Work instruction
Lines containing the word "exists" are to be copied from the data below.

Data for the task
text \<open>Induction on \<open>m\<close>: if the first digits of \<open>a\<close> and \<open>T\<^sup>j 1\<close> differ, the gap is at least
  \<open>1 - T a = T\<^sup>0 1 - T a\<close>; otherwise it is \<open>b\<close> times the gap between \<open>T a\<close> and \<open>T\<^sup>j\<^sup>+\<^sup>1 1\<close>.\<close>

lemma orbit_gap_cylinder_bound:
  assumes gap: "orbit_gap b \<eta>" and b: "b > 1"
  shows "0 \<le> a \<Longrightarrow> a < (beta_T b ^^ j) 1 \<Longrightarrow> \<eta> \<le> b ^ m * ((beta_T b ^^ j) 1 - a) + (beta_T b ^^ m) a"
proof (induction m arbitrary: j a)
  case 0
  then show ?case using gap by (simp add: orbit_gap_def)
next
  case (Suc m)
  define c where "c = (beta_T b ^^ j) 1"
  have "a < c" "0 \<le> a" using Suc.prems by (auto simp: c_def)
  have Ta: "(beta_T b ^^ Suc m) a = (beta_T b ^^ m) (beta_T b a)"
    by (simp add: funpow_Suc_right del: funpow.simps)
  have split: "b ^ Suc m * (c - a)
      = b ^ m * (of_int (\<lfloor>b * c\<rfloor> - \<lfloor>b * a\<rfloor>) + beta_T b c - beta_T b a)"
    by (simp add: beta_T_eq algebra_simps)
  have "\<lfloor>b * a\<rfloor> \<le> \<lfloor>b * c\<rfloor>" using \<open>a < c\<close> b by (intro floor_mono) simp
  then consider "\<lfloor>b * a\<rfloor> < \<lfloor>b * c\<rfloor>" | "\<lfloor>b * a\<rfloor> = \<lfloor>b * c\<rfloor>" by linarith
  then have "\<eta> \<le> b ^ m * (of_int (\<lfloor>b * c\<rfloor> - \<lfloor>b * a\<rfloor>) + beta_T b c - beta_T b a)
      + (beta_T b ^^ m) (beta_T b a)"
  proof cases
    case 1
    have "1 - beta_T b a \<le> of_int (\<lfloor>b * c\<rfloor> - \<lfloor>b * a\<rfloor>) + beta_T b c - beta_T b a"
      using 1 beta_T_nonneg[of b c] by linarith
    then have "b ^ m * (1 - beta_T b a)
        \<le> b ^ m * (of_int (\<lfloor>b * c\<rfloor> - \<lfloor>b * a\<rfloor>) + beta_T b c - beta_T b a)"
      using b by (simp add: mult_left_mono)
    moreover have "\<eta> \<le> b ^ m * (1 - beta_T b a) + (beta_T b ^^ m) (beta_T b a)"
      using Suc.IH[of "beta_T b a" 0] beta_T_nonneg beta_T_less_1 by simp
    ultimately show ?thesis by linarith
  next
    case 2
    have "beta_T b a < beta_T b c" using \<open>a < c\<close> b 2 by (simp add: beta_T_eq)
    then show ?thesis
      using Suc.IH[of "beta_T b a" "Suc j"] 2 beta_T_nonneg by (simp add: c_def)
  qed
  then show ?case by (simp only: c_def[symmetric] Ta split)
qed

lemma orbit_gap_cylinder_window:
  assumes gap: "orbit_gap b \<eta>" and b: "b > 1"
    and a: "0 \<le> a" "a < 1" and t: "0 \<le> t" "t < \<eta>"
  shows "a + (t - (beta_T b ^^ m) a) / b ^ m \<in> {0..<1}"
proof -
  have bm: "b ^ m > 0" using b by simp
  have "(beta_T b ^^ m) a / b ^ m \<le> a"
    using beta_T_funpow_le[of a b m] a b bm by (simp add: divide_le_eq mult.commute)
  moreover have "0 \<le> t / b ^ m" using t bm by simp
  moreover have "t - (beta_T b ^^ m) a < b ^ m * (1 - a)"
    using orbit_gap_cylinder_bound[OF gap b, of a 0 m] a t by simp
  then have "(t - (beta_T b ^^ m) a) / b ^ m < 1 - a"
    using bm by (simp add: divide_less_eq mult.commute)
  ultimately show ?thesis by (simp add: diff_divide_distrib)
qed

lemma orbit_gap_cylinder_onto:
  assumes gap: "orbit_gap b \<eta>" and b: "b > 1"
    and x: "0 \<le> x" "x < 1" and t: "0 \<le> t" "t < \<eta>"
  obtains y where "0 \<le> y" "y < 1" "\<And>j. j < n \<Longrightarrow> greedy_digits b y j = greedy_digits b x j"
    "(beta_T b ^^ n) y = t"
proof -
  define \<delta> where "\<delta> = t - (beta_T b ^^ n) x"
  have stays: "(beta_T b ^^ j) x + \<delta> / b ^ (n - j) \<in> {0..<1}" if "j \<le> n" for j
  proof -
    have "(beta_T b ^^ n) x = (beta_T b ^^ (n - j)) ((beta_T b ^^ j) x)"
      using that by (metis funpow_add comp_apply le_add_diff_inverse2)
    then show ?thesis
      using orbit_gap_cylinder_window[OF gap b _ _ t] beta_T_funpow_nonneg[OF x(1)]
        beta_T_funpow_less_1[OF x(2)] by (simp add: \<delta>_def)
  qed
  note perturb = beta_T_funpow_perturb[of b n x \<delta>, OF _ stays]
  show ?thesis
  proof
    show "0 \<le> x + \<delta> / b ^ n" "x + \<delta> / b ^ n < 1" using stays[of 0] by simp_all
    show "greedy_digits b (x + \<delta> / b ^ n) j = greedy_digits b x j" if "j < n" for j
      using perturb(2) b that by simp
    show "(beta_T b ^^ n) (x + \<delta> / b ^ n) = t"
      using perturb(1)[of n] b by (simp add: \<delta>_def)
  qed
qed

section \<open>Realising zero-padded concatenations\<close>

definition greedy_words :: "real \<Rightarrow> nat list set" where
  "greedy_words b = {w. \<exists>x. 0 \<le> x \<and> x < 1 \<and> (\<forall>i<length w. greedy_digits b x i = w ! i)}"

lemma in_closure_iff_prefixes:
  fixes S :: "(nat \<Rightarrow> 'a::discrete_topology) set"
  shows "s \<in> closure S \<longleftrightarrow> (\<forall>k. \<exists>t\<in>S. \<forall>i<k. t i = s i)"
proof
  assume s: "s \<in> closure S"
  show "\<forall>k. \<exists>t\<in>S. \<forall>i<k. t i = s i"
  proof
    fix k
    define X where "X i = (if i < k then {s i} else UNIV)" for i
    have "open (Pi\<^sub>E UNIV X)"
      by (rule open_PiE) (auto simp: X_def open_discrete)
    moreover have "s \<in> Pi\<^sub>E UNIV X" by (auto simp: X_def)
    ultimately obtain t where "t \<in> S" "t \<in> Pi\<^sub>E UNIV X"
      using s open_Int_closure_eq_empty by blast
    then show "\<exists>t\<in>S. \<forall>i<k. t i = s i"
      by (auto simp: X_def PiE_iff split: if_splits)
  qed
next
  assume H: "\<forall>k. \<exists>t\<in>S. \<forall>i<k. t i = s i"
  show "s \<in> closure S"
    unfolding closure_iff_nhds_not_empty
  proof (intro allI impI)
    fix A U assume "U \<subseteq> A" "open U" "s \<in> U"
    then have "openin (product_topology (\<lambda>i. euclidean) UNIV) U" by (simp add: open_fun_def)
    from product_topology_open_contains_basis[OF this \<open>s \<in> U\<close>] obtain X where
      X: "s \<in> Pi\<^sub>E UNIV X" "finite {i. X i \<noteq> UNIV}" "Pi\<^sub>E UNIV X \<subseteq> U"
      by auto
    obtain k where k: "{i. X i \<noteq> UNIV} \<subseteq> {..<k}" using finite_nat_bounded[OF X(2)] by blast
    obtain t where t: "t \<in> S" "\<forall>i<k. t i = s i" using H by blast
    have "t \<in> Pi\<^sub>E UNIV X"
      using X(1) k t(2) by (force simp: PiE_iff)
    then show "S \<inter> A \<noteq> {}" using t(1) X(3) \<open>U \<subseteq> A\<close> by blast
  qed
qed

lemma beta_words_subset_greedy_words: "beta_words b \<subseteq> greedy_words b"
proof
  fix w assume "w \<in> beta_words b"
  then obtain s where s: "s \<in> closure (greedy_digits b ` {0..<1})" "\<forall>i<length w. s i = w ! i"
    by (auto simp: beta_words_def beta_shift_def)
  then obtain t where "t \<in> greedy_digits b ` {0..<1}" "\<forall>i<length w. t i = s i"
    unfolding in_closure_iff_prefixes by blast
  with s(2) show "w \<in> greedy_words b" by (auto simp: greedy_words_def)
qed

definition padded_concat :: "nat \<Rightarrow> nat list list \<Rightarrow> nat list" where
  "padded_concat N ws = concat (map (\<lambda>w. replicate N 0 @ w) ws)"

Answer to this problem
  "greedy_words b = {w. \<exists>x. 0 \<le> x \<and> x < 1 \<and> (\<forall>i<length w. greedy_digits b x i = w ! i)}"
  shows "s \<in> closure S \<longleftrightarrow> (\<forall>k. \<exists>t\<in>S. \<forall>i<k. t i = s i)"
  show "\<forall>k. \<exists>t\<in>S. \<forall>i<k. t i = s i"
    then show "\<exists>t\<in>S. \<forall>i<k. t i = s i"
  assume H: "\<forall>k. \<exists>t\<in>S. \<forall>i<k. t i = s i"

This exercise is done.